The rats in the cage got addicted, while the rats in the park stayed away.

Then, even more strikingly, he took rats who’d had 57 days to get addicted to the drugs and took half of them out of the cages and put them in the park. The rats, even though they’d been addicted in the cage, suddenly stayed away from the drugs. They even voluntarily detoxed — trembling and shaking, but still staying off the drugs.

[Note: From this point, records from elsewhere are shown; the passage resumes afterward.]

definition limit :: "nat \<Rightarrow> bool" where
  "limit = chain_limit \<pi>"

lemma branch_0: "branch 0 = 0"
  by (simp add: branch_def stage_0)

lemma branch_Suc: "branch (Suc j) = branch j + 1 + e j"
  by (simp add: branch_def stage_Suc)

lemma strict_mono_branch: "strict_mono branch"
  by (simp add: strict_mono_Suc_iff branch_Suc)

lemma le_branch: "j \<le> branch j"
  using strict_mono_branch by (simp add: strict_mono_imp_increasing)

lemma stage_prefix: "\<exists>v. \<pi> (Suc j) = \<pi> j @ v"
  using stage_Suc by blast

lemma length_stage: "j \<le> length (\<pi> j)"
  using le_branch by (simp add: branch_def)

lemma map_limit: "k \<le> branch j \<Longrightarrow> map limit [0..<k] = take k (\<pi> j)"
  unfolding limit_def branch_def by (rule map_chain_limit[OF stage_prefix length_stage])

lemma limit_nth: "t < branch j \<Longrightarrow> limit t = \<pi> j ! t"
  unfolding limit_def branch_def by (rule chain_limit_nth[OF stage_prefix length_stage])

lemma limit_branch: "limit (branch j) = d j"
  using limit_nth[of "branch j" "Suc j"] by (simp add: branch_Suc stage_Suc nth_append branch_def)

lemma map_limit_beyond_branch:
  assumes "branch j < k" "k \<le> branch (Suc j)"
  shows "map limit [0..<k] = \<pi> j @ [d j] @ replicate (k - Suc (branch j)) False"
proof -
  have "k - branch j = Suc (k - Suc (branch j))" "k - Suc (branch j) \<le> e j"
    using assms branch_Suc by auto
  then show ?thesis
    using map_limit[OF assms(2)] assms(1) by (simp add: stage_Suc branch_def min_def)
qed

lemma branch_below_Suc_iff: "i < branch (Suc j) \<Longrightarrow> i \<in> range branch \<longleftrightarrow> i \<in> branch ` {..j}"
  using strict_mono_branch by (auto simp: strict_mono_less less_Suc_eq_le)

lemma spine_tree_limit_eq_stage:
  assumes "length w \<le> branch (Suc j)"
  shows "w \<in> spine_tree limit (range branch) \<longleftrightarrow> w \<in> spine_tree (zero_extension (\<pi> j)) (branch ` {..j})"
proof (cases "length w \<le> branch j")
  case True
  show ?thesis
  proof (rule spine_tree_cong)
    show "\<forall>t<length w. limit t = zero_extension (\<pi> j) t"
      using True limit_nth by (auto simp: zero_extension_def branch_def)
    show "\<forall>i<length w. i \<in> range branch \<longleftrightarrow> i \<in> branch ` {..j}"
      using branch_below_Suc_iff assms by auto
  qed
next
  case False
  let ?k = "length w" and ?i = "branch j"
  have below: "i' \<le> ?i" if i': "i' \<in> range branch" "i' < ?k" for i'
  proof -
    obtain m where m: "i' = branch m" using i'(1) by blast
    then have "branch m < branch (Suc j)" using i'(2) assms by simp
    then have "m \<le> j" using strict_mono_less[OF strict_mono_branch] by simp
    then show ?thesis using m strict_mono_less_eq[OF strict_mono_branch] by simp
  qed
  have last_limit: "?i \<in> range branch" "?i < ?k" "\<forall>i'\<in>range branch. i' < ?k \<longrightarrow> i' \<le> ?i"
    using False below by auto
  have last_stage: "?i \<in> branch ` {..j}" "?i < ?k" "\<forall>i'\<in>branch ` {..j}. i' < ?k \<longrightarrow> i' \<le> ?i"
    using False strict_mono_branch by (auto simp: strict_mono_less_eq)
  have limit_i: "map limit [0..<?i] = \<pi> j"
    using map_limit[of ?i j] by (simp add: branch_def)
  have limit_k: "map limit [0..<?k] = \<pi> j @ [d j] @ replicate (?k - Suc ?i) False"
    using map_limit_beyond_branch False assms by simp
  have ext_i: "map (zero_extension (\<pi> j)) [0..<?i] = \<pi> j"
    using map_zero_extension[of "\<pi> j" ?i] by (simp add: branch_def)
  have ext_k: "map (zero_extension (\<pi> j)) [0..<?k] = \<pi> j @ [False] @ replicate (?k - Suc ?i) False"
  proof -
    have "?k - length (\<pi> j) = Suc (?k - Suc ?i)" using False by (simp add: branch_def)
    then show ?thesis using map_zero_extension[of "\<pi> j" ?k] False by (simp add: branch_def)
  qed
  have "zero_extension (\<pi> j) ?i = False" by (simp add: zero_extension_def branch_def)
  then show ?thesis
    unfolding mem_spine_tree_level[OF last_limit refl] mem_spine_tree_level[OF last_stage refl]
      limit_i limit_k ext_i ext_k limit_branch
    by (cases "d j") auto
qed

lemma limit_instance:
  "tree_rep (tree_name (spine_tree limit (range branch))) = Some (spine_tree limit (range branch))"
  "tree_name (spine_tree limit (range branch)) \<in> realizer_dom tree_rep (C_le 2)"
  "C_le 2 (spine_tree limit (range branch)) = {limit}"
proof -
  have "0 \<in> range branch" using branch_0 by (metis rangeI)
  moreover have "infinite (range branch)"
    using strict_mono_imp_inj_on[OF strict_mono_branch] finite_imageD by blast
  ultimately show
    "tree_rep (tree_name (spine_tree limit (range branch))) = Some (spine_tree limit (range branch))"
    "tree_name (spine_tree limit (range branch)) \<in> realizer_dom tree_rep (C_le 2)"
    "C_le 2 (spine_tree limit (range branch)) = {limit}"
    using tree_name_spine_tree C_le_2_spine_tree paths_spine_tree_infinite by auto
qed

lemma agree_stage_name_limit:
  "agree (branch (Suc j)) (stage_name (\<pi> j) (branch ` {..j})) (tree_name (spine_tree limit (range branch)))"
  unfolding stage_name_def
proof (rule agree_tree_name)
  fix w :: "bool list" assume "length w < branch (Suc j)"
  then show "w \<in> spine_tree (zero_extension (\<pi> j)) (branch ` {..j}) \<longleftrightarrow> w \<in> spine_tree limit (range branch)"
    using spine_tree_limit_eq_stage[of w j] by simp
qed

end

text \<open>What stage \<open>\<pi>\<close>, with branching points B, must choose: the bit d differs from the bit
  at position \<open>|\<pi>|\<close> that K computes from the padded instance and a path y of the tree that H
  makes of it; N covers the part of y that K reads for this bit, and e zeros are appended so that
  the next branching point lies beyond what H and K read of the instance.\<close>

definition stage_spec ::
  "(baire \<Rightarrow> baire option) \<Rightarrow> (baire \<Rightarrow> baire option) \<Rightarrow> bool list \<Rightarrow> nat set \<Rightarrow> nat \<Rightarrow> bool \<Rightarrow> nat \<Rightarrow> bool"
where
  "stage_spec K H \<pi> B e d N \<longleftrightarrow>
   (\<exists>h S y q. H (stage_name \<pi> B) = Some h \<and> tree_rep h = Some S \<and> y \<in> paths S \<and>
      K (pair (stage_name \<pi> B) (cantor_name y)) = Some q \<and> d = (q (length \<pi>) \<noteq> 1) \<and> length \<pi> \<le> N \<and>
      (\<forall>p' r' q'. agree (length \<pi> + 1 + e) (stage_name \<pi> B) p' \<longrightarrow> agree N (cantor_name y) r' \<longrightarrow>
          K (pair p' r') = Some q' \<longrightarrow> q' (length \<pi>) = q (length \<pi>)) \<and>
      (\<forall>p' h'. agree (length \<pi> + 1 + e) (stage_name \<pi> B) p' \<longrightarrow> H p' = Some h' \<longrightarrow>
          agree (2 ^ (N + 1)) h h'))"

text \<open>A state is the prefix fixed so far with its set of branching points; c chooses e, d and N.\<close>

primrec stages :: "(bool list \<times> nat set \<Rightarrow> nat \<times> bool \<times> nat) \<Rightarrow> nat \<Rightarrow> bool list \<times> nat set" where
  "stages c 0 = ([], {0})"
| "stages c (Suc j) =
    (fst (stages c j) @ [fst (snd (c (stages c j)))] @ replicate (fst (c (stages c j))) False,
     insert (length (fst (stages c j)) + 1 + fst (c (stages c j))) (snd (stages c j)))"

context
  fixes K H :: "baire \<Rightarrow> baire option" and n :: nat
  assumes computable_K: "computable_partial K" and computable_H: "computable_partial H"
    and reduction: "\<forall>G. realizes tree_rep cantor_rep (C_eq n) G \<longrightarrow>
      realizes tree_rep cantor_rep (C_le 2) (\<lambda>p. Option.bind (H p) (\<lambda>h. Option.bind (G h) (\<lambda>r. K (pair p r))))"
begin

lemma reduction_on_instance:
  assumes "p \<in> realizer_dom tree_rep (C_le 2)"
  obtains h S where "H p = Some h" "tree_rep h = Some S" "C_eq n S \<noteq> {}"
    "\<And>y. y \<in> C_eq n S \<Longrightarrow> \<exists>q x. K (pair p (cantor_name y)) = Some q \<and> cantor_rep q = Some x \<and>
       x \<in> C_le 2 (the (tree_rep p))"
proof -
  have named: "\<exists>r. cantor_rep r = Some y" for y
    using cantor_rep_cantor_name by blast
  obtain h S where h: "H p = Some h" "tree_rep h = Some S" "C_eq n S \<noteq> {}"
    and solves: "\<And>r y. cantor_rep r = Some y \<Longrightarrow> y \<in> C_eq n S \<Longrightarrow>
      \<exists>q x. K (pair p r) = Some q \<and> cantor_rep q = Some x \<and> x \<in> C_le 2 (the (tree_rep p))"
    by (rule weihrauch_reduction_instance[OF reduction named assms]) (rule that; assumption)
  show ?thesis
    by (rule that[OF h]) (rule solves[OF cantor_rep_cantor_name])
qed

lemma ex_stage_spec:
  assumes "0 \<in> B"
  shows "\<exists>e d N. stage_spec K H \<pi> B e d N"
proof -
  let ?p = "stage_name \<pi> B" and ?i = "length \<pi>"
  have "?p \<in> realizer_dom tree_rep (C_le 2)"
    using tree_name_spine_tree(2)[OF assms] by (simp add: stage_name_def)
  then obtain h S where h: "H ?p = Some h" and S: "tree_rep h = Some S" "C_eq n S \<noteq> {}"
    and solves: "\<And>y. y \<in> C_eq n S \<Longrightarrow> \<exists>q x. K (pair ?p (cantor_name y)) = Some q \<and>
        cantor_rep q = Some x \<and> x \<in> C_le 2 (the (tree_rep ?p))"
    by (rule reduction_on_instance) (rule that; assumption)
  obtain y where y: "y \<in> C_eq n S" using S(2) by blast
  obtain depth where "C_eq n S = paths S" using C_eq_nonempty_D[OF S(2)] .
  with y have "y \<in> paths S" by simp
  obtain q where q: "K (pair ?p (cantor_name y)) = Some q" using solves[OF y] by blast
  obtain NK where NK: "\<forall>v q'. agree NK (pair ?p (cantor_name y)) v \<longrightarrow> K v = Some q' \<longrightarrow>
      agree (Suc ?i) q q'"
    using computable_partial_continuous[where F = K, OF computable_K q] ..
  define N where "N = max NK ?i"
  obtain NH where NH: "\<forall>p' h'. agree NH ?p p' \<longrightarrow> H p' = Some h' \<longrightarrow> agree (2 ^ (N + 1)) h h'"
    using computable_partial_continuous[where F = H, OF computable_H h] ..
  define e where "e = max NH NK"
  have bounds: "NK \<le> ?i + 1 + e" "NK \<le> N" "NH \<le> ?i + 1 + e" by (simp_all add: e_def N_def)
  then have "q' ?i = q ?i"
    if "agree (?i + 1 + e) ?p p'" "agree N (cantor_name y) r'" "K (pair p' r') = Some q'" for p' r' q'
  proof -
    have "agree NK (pair ?p (cantor_name y)) (pair p' r')"
      using agree_pair[OF agree_mono[OF that(1)] agree_mono[OF that(2)]] bounds by blast
    then have "agree (Suc ?i) q q'" using NK that(3) by blast
    then show ?thesis unfolding agree_def by simp
  qed
  moreover have "agree (2 ^ (N + 1)) h h'" if "agree (?i + 1 + e) ?p p'" "H p' = Some h'" for p' h'
    using NH agree_mono[OF that(1) bounds(3)] that(2) by blast
  ultimately have "stage_spec K H \<pi> B e (q ?i \<noteq> 1) N"
    unfolding stage_spec_def using h S(1) \<open>y \<in> paths S\<close> q
    by (intro exI[of _ h] exI[of _ S] exI[of _ y] exI[of _ q]) (auto simp: N_def)
  then show ?thesis by blast
qed

lemma ex_diagonal_stages:
  obtains \<pi> d e N where "diagonal_stages \<pi> d e"
    "\<And>j. stage_spec K H (\<pi> j) (diagonal_stages.branch \<pi> ` {..j}) (e j) (d j) (N j)"
proof -
  define c where "c s = (SOME t. stage_spec K H (fst s) (snd s) (fst t) (fst (snd t)) (snd (snd t)))" for s
  have c: "stage_spec K H (fst s) (snd s) (fst (c s)) (fst (snd (c s))) (snd (snd (c s)))"
    if "0 \<in> snd s" for s
  proof -
    from ex_stage_spec[OF that] obtain e d N where "stage_spec K H (fst s) (snd s) e d N" by blast
    then have "\<exists>t. stage_spec K H (fst s) (snd s) (fst t) (fst (snd t)) (snd (snd t))"
      by (intro exI[of _ "(e, d, N)"]) simp
    then show ?thesis unfolding c_def by (rule someI_ex)
  qed
  define \<pi> where "\<pi> j = fst (stages c j)" for j
  define d where "d j = fst (snd (c (stages c j)))" for j
  define e where "e j = fst (c (stages c j))" for j
  define N where "N j = snd (snd (c (stages c j)))" for j
  interpret diagonal_stages \<pi> d e
    by unfold_locales (simp_all add: \<pi>_def d_def e_def)
  have branches: "snd (stages c j) = branch ` {..j}" for j
  proof (induction j)
    case 0 then show ?case using branch_0 by simp
  next
    case (Suc j)
    have "snd (stages c (Suc j)) = insert (branch (Suc j)) (snd (stages c j))"
      by (simp add: branch_Suc branch_def \<pi>_def e_def)
    then show ?case using Suc by (simp add: atMost_Suc)
  qed
  have "stage_spec K H (\<pi> j) (branch ` {..j}) (e j) (d j) (N j)" for j
  proof -
    have "0 \<in> snd (stages c j)" using branches branch_0 by force
    then show ?thesis using c[of "stages c j"] branches by (simp add: \<pi>_def d_def e_def N_def)
  qed
  then show ?thesis using that diagonal_stages_axioms by blast
qed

The top-shelf journals like Science and Nature rejected the study. It did end up getting published in a peer reviewed journal (Pharamacology, Biochemistry and Behavior, impact factor 1.5), but received little public attention. His university pulled the funding for the project.

23 comments

  1. Ajju Apr 24

    Fascinating. Have no further studies been conducted on this? /Goes off to investigate

  2. Henry Steinberger, Ph.D. (SMART Recovery) Dec 11

    Thank you for giving this study some coverage. I first heard of it in a book by Stanton Peele and more recently in The Walrus (Mon. Dec. 3, 2007) but as noted, never in the most popular science journals nor in the public media where it would get notice (e.g. The NY Times Sunday Magazine). We on the Board of Directors of SMART Recovery have been battling out whether the organization should take a firm stand against the “disease model” or to gain greater acceptance by muzzling our opinions. Our program is science-based and secular, and we have always supported a bio-psycho-social model (but most of our volunteer facilitators and attendees know that we do not insist on any sort of “disease” and that is what we usually say when introducing our meetings). I hope that others will be attracted to SMART Recovery and that the Rat Park study will get the attention it deserves. Our program deals mainly with Motivation, Coping with Urges, Managing Beliefs and Getting a life with a balance of short and long term Satisfactions. I think that last point is very much in keeping with Rat Park. A life with a mix of SATISFACTIONS is the best path away from addictions (rather than a magic pill or faith in a deity who will take away the so-called “character defects” found in the moral model masquarading as a medical model).

  3. Anthony Manzo Feb 16

    This study is disruptive and pivotal in every way. Has been any replication? LiteracyMan

  4. Michael M. Koch May 16

    I too found the “Rat Park” to be a significant eye-opener. It occurs to me that in treating “drug addicts” in recovery, the stereotypical model is to remove them from society and place them in a hospital setting, or worse yet imprison them. (Not dissimilar to a proverbial rat in a cage.) Ironic and tragic. But, to be fair, there would seem to be just a grain of truth to the “addiction as disease” paradigm. I elaborate thus: Stress can lead to drug-seeking behavior which can ultimately, of course, lead to addiction. The addiction itself is, understandably, quite stressful, and the cycle continues. Of course, this cycle could be broken by something of the “Rat Park” model. The question might be what, exactly, would an addict require in the way of a “Rat Park” so as to regain the will to reclaim his or her identity as a productive Human Being. (*Imminent bad pun warning in 5… 4…) In the meantime, I shall research the “Rat Pack” instead.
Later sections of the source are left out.